あなたは何か選択するとき最初に考えるのは、自分だろうか? 周りの人たちだろうか? 個人主義志向の強い米国などの社会はまず「自分」を考える。日本やアジアのような集団主義社会では「私たち」を優先し、「集団の幸せは、個人の幸せ」と考える。
アイエンガーは米国の小学生を対象に実験をした。6組のカードと6色のマーカーを用意。そして子供を3グループに分けた。カードとマーカーを(1)自分で選ぶグループ、(2)実験者が選ぶグループ、(3)「母親はこれを選んでほしいと言っている」と伝えたグループだ。
結果、アングロ系米国人で最も成績が良かったのは「(1)自分で選ぶグループ」だった。「母親に聞いた」と告げると、彼らは露骨に嫌な表情で、「ママに聞いたの?」。アジア系米国人で最も成績が良いのは「(3)母親選択グループ」だった。日系米国人のある女の子は、「言われた通りやったって、ママに言ってね」。

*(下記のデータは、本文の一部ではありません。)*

(* Let $M$ be a loopless matroid of rank $r$ on ground set $S$, and let $S=S_1\cup\dots\cup S_r$ be a partition of $S$ into $r$ color classes. The following are equivalent: (i) $S_i$ is a cut of the restriction $M|(S_1\cup\dots\cup S_i)$ for $i=1,\dots,r$; (ii) the coloring is rainbow circuit-free and $r_M(S_1\cup\dots\cup S_i)=i$ for $i=1,\dots,r$; (iii) each $S_i$ is non-empty and $S_1\cup\dots\cup S_i$ is closed in $M$ for $i=1,\dots,r$.
   Context: A cut of a matroid is an inclusionwise minimal subset of the ground set intersecting every basis. A coloring is rainbow circuit-free if no circuit of $M$ has all its elements of pairwise different colors. A set $X\subseteq S$ is closed (a flat) if $r_M(X+e)>r_M(X)$ for every $e\in S-X$. *)

theory Defs
  imports Main
begin

definition matroid :: "'a set \<Rightarrow> ('a set \<Rightarrow> bool) \<Rightarrow> bool" where
  "matroid S indep \<longleftrightarrow>
     finite S \<and>
     (\<forall>I. indep I \<longrightarrow> I \<subseteq> S) \<and>
     indep {} \<and>
     (\<forall>I J. indep J \<and> I \<subseteq> J \<longrightarrow> indep I) \<and>
     (\<forall>I J. indep I \<and> indep J \<and> card I < card J \<longrightarrow> (\<exists>x\<in>J - I. indep (insert x I)))"

definition rk :: "('a set \<Rightarrow> bool) \<Rightarrow> 'a set \<Rightarrow> nat" where
  "rk indep X = Max {card I | I. I \<subseteq> X \<and> indep I}"

definition loopless :: "'a set \<Rightarrow> ('a set \<Rightarrow> bool) \<Rightarrow> bool" where
  "loopless S indep \<longleftrightarrow> (\<forall>x\<in>S. indep {x})"

definition circuit :: "'a set \<Rightarrow> ('a set \<Rightarrow> bool) \<Rightarrow> 'a set \<Rightarrow> bool" where
  "circuit S indep C \<longleftrightarrow> C \<subseteq> S \<and> \<not> indep C \<and> (\<forall>x\<in>C. indep (C - {x}))"

text \<open>Bases of the restriction M|T (independent sets of M|T are the independent sets of M inside T).\<close>
definition basis_restr :: "('a set \<Rightarrow> bool) \<Rightarrow> 'a set \<Rightarrow> 'a set \<Rightarrow> bool" where
  "basis_restr indep T B \<longleftrightarrow> B \<subseteq> T \<and> indep B \<and> (\<forall>x\<in>T - B. \<not> indep (insert x B))"

definition is_cut_restr :: "('a set \<Rightarrow> bool) \<Rightarrow> 'a set \<Rightarrow> 'a set \<Rightarrow> bool" where
  "is_cut_restr indep T X \<longleftrightarrow>
     X \<subseteq> T \<and> (\<forall>B. basis_restr indep T B \<longrightarrow> X \<inter> B \<noteq> {}) \<and>
     (\<forall>Y. Y \<subset> X \<longrightarrow> (\<exists>B. basis_restr indep T B \<and> Y \<inter> B = {}))"

definition closed_set :: "'a set \<Rightarrow> ('a set \<Rightarrow> bool) \<Rightarrow> 'a set \<Rightarrow> bool" where
  "closed_set S indep X \<longleftrightarrow> X \<subseteq> S \<and> (\<forall>e\<in>S - X. rk indep (insert e X) > rk indep X)"

definition rainbow_circuit_free ::
  "'a set \<Rightarrow> ('a set \<Rightarrow> bool) \<Rightarrow> nat \<Rightarrow> (nat \<Rightarrow> 'a set) \<Rightarrow> bool" where
  "rainbow_circuit_free S indep r Sc \<longleftrightarrow>
     \<not> (\<exists>C. circuit S indep C \<and> (\<forall>i\<in>{1..r}. card (C \<inter> Sc i) \<le> 1))"

end

theory Submission
  imports Defs
begin

text \<open>Write T k for S 1 \<union> ... \<union> S k. All three conditions are equivalent to: rk (T k) = k
  for every k, and no element e of S (k+1) lies in the closure of T k, i.e.
  rk (T k) < rk (insert e (T k)). The rank condition is what lets a rainbow basis of each T k be
  built greedily, one element of each colour.\<close>

locale indep_matroid =
  fixes S :: "'a set" and indep :: "'a set \<Rightarrow> bool"
  assumes matroid: "matroid S indep"
begin

lemma finite_ground: "finite S"
  using matroid unfolding matroid_def by blast

lemma indep_subset_ground: "indep I \<Longrightarrow> I \<subseteq> S"
  using matroid unfolding matroid_def by blast

lemma indep_finite: "indep I \<Longrightarrow> finite I"
  using indep_subset_ground finite_ground finite_subset by blast

lemma indep_empty: "indep {}"
  using matroid unfolding matroid_def by blast

lemma indep_subset: "indep J \<Longrightarrow> I \<subseteq> J \<Longrightarrow> indep I"
  using matroid unfolding matroid_def by blast

lemma indep_augment:
  "indep I \<Longrightarrow> indep J \<Longrightarrow> card I < card J \<Longrightarrow> \<exists>x\<in>J - I. indep (insert x I)"
  using matroid unfolding matroid_def by blast

lemma card_insert_indep: "indep I \<Longrightarrow> x \<notin> I \<Longrightarrow> card (insert x I) = Suc (card I)"
  by (simp add: indep_finite)

lemma finite_indep_cards: "finite {card I | I. I \<subseteq> X \<and> indep I}"
proof -
  have "{card I | I. I \<subseteq> X \<and> indep I} \<subseteq> {..card S}"
    using indep_subset_ground finite_ground card_mono by fastforce
  then show ?thesis
    using finite_subset by blast
qed

lemma card_le_rk: "I \<subseteq> X \<Longrightarrow> indep I \<Longrightarrow> card I \<le> rk indep X"
  unfolding rk_def using finite_indep_cards by (intro Max_ge) auto

lemma rk_attainedE:
  obtains I where "I \<subseteq> X" "indep I" "card I = rk indep X"
proof -
  have "{card I | I. I \<subseteq> X \<and> indep I} \<noteq> {}"
    using indep_empty by blast
  from Max_in[OF finite_indep_cards this]
  have "\<exists>I. I \<subseteq> X \<and> indep I \<and> card I = rk indep X"
    unfolding rk_def by auto
  then show thesis
    using that by blast
qed

lemma rk_mono:
  assumes "X \<subseteq> Y"
  shows "rk indep X \<le> rk indep Y"
proof -
  obtain I where I: "I \<subseteq> X" "indep I" "card I = rk indep X"
    using rk_attainedE .
  have "card I \<le> rk indep Y"
    using card_le_rk I(1,2) assms by blast
  then show ?thesis
    using I(3) by simp
qed

lemma rk_empty [simp]: "rk indep {} = 0"
proof -
  obtain I where "I \<subseteq> {}" "indep I" "card I = rk indep {}"
    using rk_attainedE .
  then show ?thesis
    by simp
qed

lemma indep_extend_to_rk:
  assumes "indep I" "I \<subseteq> X"
  obtains J where "I \<subseteq> J" "J \<subseteq> X" "indep J" "card J = rk indep X"
proof -
  let ?P = "\<lambda>J. I \<subseteq> J \<and> J \<subseteq> X \<and> indep J"
  have "?P I"
    using assms by blast
  moreover have "\<forall>J. ?P J \<longrightarrow> card J < Suc (card S)"
  proof (intro allI impI)
    fix J
    assume "?P J"
    then have "J \<subseteq> S"
      using indep_subset_ground by blast
    then show "card J < Suc (card S)"
      using card_mono[OF finite_ground] by (simp add: less_Suc_eq_le)
  qed
  ultimately have "\<exists>J. ?P J \<and> (\<forall>J'. ?P J' \<longrightarrow> card J' \<le> card J)"
    by (rule Lattices_Big.ex_has_greatest_nat)
  then obtain J where J: "I \<subseteq> J" "J \<subseteq> X" "indep J"
    and greatest: "\<And>J'. ?P J' \<Longrightarrow> card J' \<le> card J"
    by blast
  have "\<not> card J < rk indep X"
  proof
    assume "card J < rk indep X"
    obtain K where K: "K \<subseteq> X" "indep K" "card K = rk indep X"
      using rk_attainedE .
    then obtain x where x: "x \<in> K - J" "indep (insert x J)"
      using indep_augment[OF J(3) K(2)] \<open>card J < rk indep X\<close> by auto
    then have "card (insert x J) \<le> card J"
      using greatest[of "insert x J"] J K(1) by blast
    moreover have "card (insert x J) = Suc (card J)"
      using card_insert_indep[OF J(3)] x(1) by blast
    ultimately show False
      by simp
  qed
  then have "card J = rk indep X"
    using J card_le_rk[of J X] by simp
  with J show thesis
    by (intro that) auto
qed

lemma basis_restr_iff_card:
  "basis_restr indep T B \<longleftrightarrow> B \<subseteq> T \<and> indep B \<and> card B = rk indep T"
proof
  assume basis: "basis_restr indep T B"
  then have B: "B \<subseteq> T" "indep B"
    unfolding basis_restr_def by auto
  obtain J where J: "B \<subseteq> J" "J \<subseteq> T" "indep J" "card J = rk indep T"
    using indep_extend_to_rk[OF B(2) B(1)] .
  have "\<not> card B < card J"
  proof
    assume "card B < card J"
    then obtain x where "x \<in> J - B" "indep (insert x B)"
      using indep_augment[OF B(2) J(3)] by blast
    then show False
      using J(2) basis unfolding basis_restr_def by blast
  qed
  then show "B \<subseteq> T \<and> indep B \<and> card B = rk indep T"
    using B J(4) card_le_rk[OF B] by simp
next
  assume B: "B \<subseteq> T \<and> indep B \<and> card B = rk indep T"
  have "\<not> indep (insert x B)" if "x \<in> T - B" for x
    using card_le_rk[of "insert x B" T] card_insert_indep[of B x] B that by auto
  then show "basis_restr indep T B"
    unfolding basis_restr_def using B by blast
qed

lemma rk_insert_gt_iff:
  assumes I: "I \<subseteq> X" "indep I" "card I = rk indep X" and "e \<notin> X"
  shows "rk indep X < rk indep (insert e X) \<longleftrightarrow> indep (insert e I)"
proof
  assume "rk indep X < rk indep (insert e X)"
  obtain J where J: "J \<subseteq> insert e X" "indep J" "card J = rk indep (insert e X)"
    using rk_attainedE .
  have "card I < card J"
    using I(3) J(3) \<open>rk indep X < rk indep (insert e X)\<close> by simp
  then obtain x where x: "x \<in> J - I" "indep (insert x I)"
    using indep_augment[OF I(2) J(2)] by blast
  have "x \<notin> X"
  proof
    assume "x \<in> X"
    then have "card (insert x I) \<le> rk indep X"
      using card_le_rk[OF _ x(2)] I(1) by blast
    moreover have "card (insert x I) = Suc (card I)"
      using card_insert_indep[OF I(2)] x(1) by blast
    ultimately show False
      using I(3) by simp
  qed
  then show "indep (insert e I)"
    using x J(1) by auto
next
  assume "indep (insert e I)"
  then have "card (insert e I) \<le> rk indep (insert e X)"
    using card_le_rk[of "insert e I" "insert e X"] I(1) by blast
  moreover have "card (insert e I) = Suc (card I)"
    using card_insert_indep[OF I(2)] I(1) \<open>e \<notin> X\<close> by blast
  ultimately show "rk indep X < rk indep (insert e X)"
    using I(3) by simp
qed

lemma rk_insert_gt_antimono:
  assumes "X \<subseteq> Y" "e \<notin> Y" "rk indep Y < rk indep (insert e Y)"
  shows "rk indep X < rk indep (insert e X)"
proof -
  obtain I where I: "I \<subseteq> X" "indep I" "card I = rk indep X"
    using rk_attainedE .
  have "I \<subseteq> Y"
    using I(1) assms(1) by blast
  obtain J where J: "I \<subseteq> J" "J \<subseteq> Y" "indep J" "card J = rk indep Y"
    using indep_extend_to_rk[OF I(2) \<open>I \<subseteq> Y\<close>] .
  have "indep (insert e J)"
    using rk_insert_gt_iff J(2-4) assms(2,3) by blast
  then have "indep (insert e I)"
    using indep_subset J(1) by blast
  then show ?thesis
    using rk_insert_gt_iff I assms(1,2) by blast
qed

どちらが正しい、ということではない。育った環境により、選び方は変わるのだ。シーク教で他人が結婚相手を選ぶのは、彼らが集団主義社会であり「結婚は家族全体のもの」と考え、「本人でなく他人にも結婚相手を選ぶ能力がある」と考えるからだ。彼女の両親の結婚は、両家の祖母たちがさまざまな条件を何度も話し合い、「2人の結婚は周囲のあらゆる期待に沿う」と考えた結果だったのである。
調査によると、恋愛結婚と比べて取り決め婚の幸福度は、結婚当初は低いが、結婚10年後には逆に高くなるという。長い目で見れば、取り決め婚も決して悪くない。
しかし自分のことは自分で選ぶのが常識の米国人には、取り決め婚は受け入れがたい。逆に取り決め婚が常識の人に「自由に相手を選べ」と言っても、当惑するだけだ。「この選択方法が正しい」と思っても、それが他人にも正しいとは限らない。選択権と自己決定権は重要だが、選び方はその人の環境によって違う。相手との違いがあることを認め、相手を尊重することが大切なのである。